--- START ---

lemma ring_char_posD:
  fixes R :: "('a, 'b) ring_scheme" (structure)
  assumes "ring_char R = p" and "p > 0"
  shows "add_pow R p \<one> = \<zero>" and "\<And>m. 0 < m \<Longrightarrow> m < p \<Longrightarrow> add_pow R m \<one> \<noteq> \<zero>"
proof -
  let ?P = "\<lambda>n::nat. 0 < n \<and> add_pow R n \<one> = \<zero>"
  have "\<exists>n. ?P n"
    using assms unfolding ring_char_def by (metis less_irrefl)
  then have p_Least: "p = (LEAST n. ?P n)"
    using assms(1) unfolding ring_char_def by simp
  show "add_pow R p \<one> = \<zero>"
    using LeastI_ex[OF \<open>\<exists>n. ?P n\<close>] unfolding p_Least by simp
  show "\<And>m. 0 < m \<Longrightarrow> m < p \<Longrightarrow> add_pow R m \<one> \<noteq> \<zero>"
    using not_less_Least unfolding p_Least by blast
qed

lemma (in domain) prime_ring_char:
  assumes "ring_char R = p" and "p > 0"
  shows "Factorial_Ring.prime p"
proof -
  note char = ring_char_posD[OF assms]
  have "p \<noteq> 1"
    using char(1) by auto
  then have "1 < p"
    using assms(2) by linarith
  moreover have "m = 1 \<or> m = p" if "m dvd p" for m
  proof (rule ccontr)
    assume "\<not> (m = 1 \<or> m = p)"
    obtain k where k: "p = m * k"
      using \<open>m dvd p\<close> ..
    have "0 < m" "0 < k"
      using k assms(2) by auto
    moreover have "m \<noteq> p" "k \<noteq> p"
      using k \<open>\<not> (m = 1 \<or> m = p)\<close> assms(2) by auto
    ultimately have "m < p" "k < p"
      using k by (metis dvd_imp_le dvd_triv_left dvd_triv_right assms(2) le_neq_implies_less)+
    have "add_pow R m \<one> \<otimes> add_pow R k \<one> = add_pow R p \<one>"
      unfolding k using add_pow_ldistr[of \<one> "add_pow R k \<one>" m] add.nat_pow_pow[of \<one> m k]
      by (simp add: mult.commute)
    then have "add_pow R m \<one> = \<zero> \<or> add_pow R k \<one> = \<zero>"
      using char(1) integral by simp
    then show False
      using char(2) \<open>0 < m\<close> \<open>m < p\<close> \<open>0 < k\<close> \<open>k < p\<close> by blast
  qed
  ultimately show ?thesis
    by (simp add: prime_nat_iff)
qed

--- END ---

INSTRUCTIONS FOR THE TASK
Copy exactly, please, the span of lines that begins at the line with "using k by (metis" and ends at the last line of the data, both included.

EXPECTED OUTPUT
      using k by (metis dvd_imp_le dvd_triv_left dvd_triv_right assms(2) le_neq_implies_less)+
    have "add_pow R m \<one> \<otimes> add_pow R k \<one> = add_pow R p \<one>"
      unfolding k using add_pow_ldistr[of \<one> "add_pow R k \<one>" m] add.nat_pow_pow[of \<one> m k]
      by (simp add: mult.commute)
    then have "add_pow R m \<one> = \<zero> \<or> add_pow R k \<one> = \<zero>"
      using char(1) integral by simp
    then show False
      using char(2) \<open>0 < m\<close> \<open>m < p\<close> \<open>0 < k\<close> \<open>k < p\<close> by blast
  qed
  ultimately show ?thesis
    by (simp add: prime_nat_iff)
qed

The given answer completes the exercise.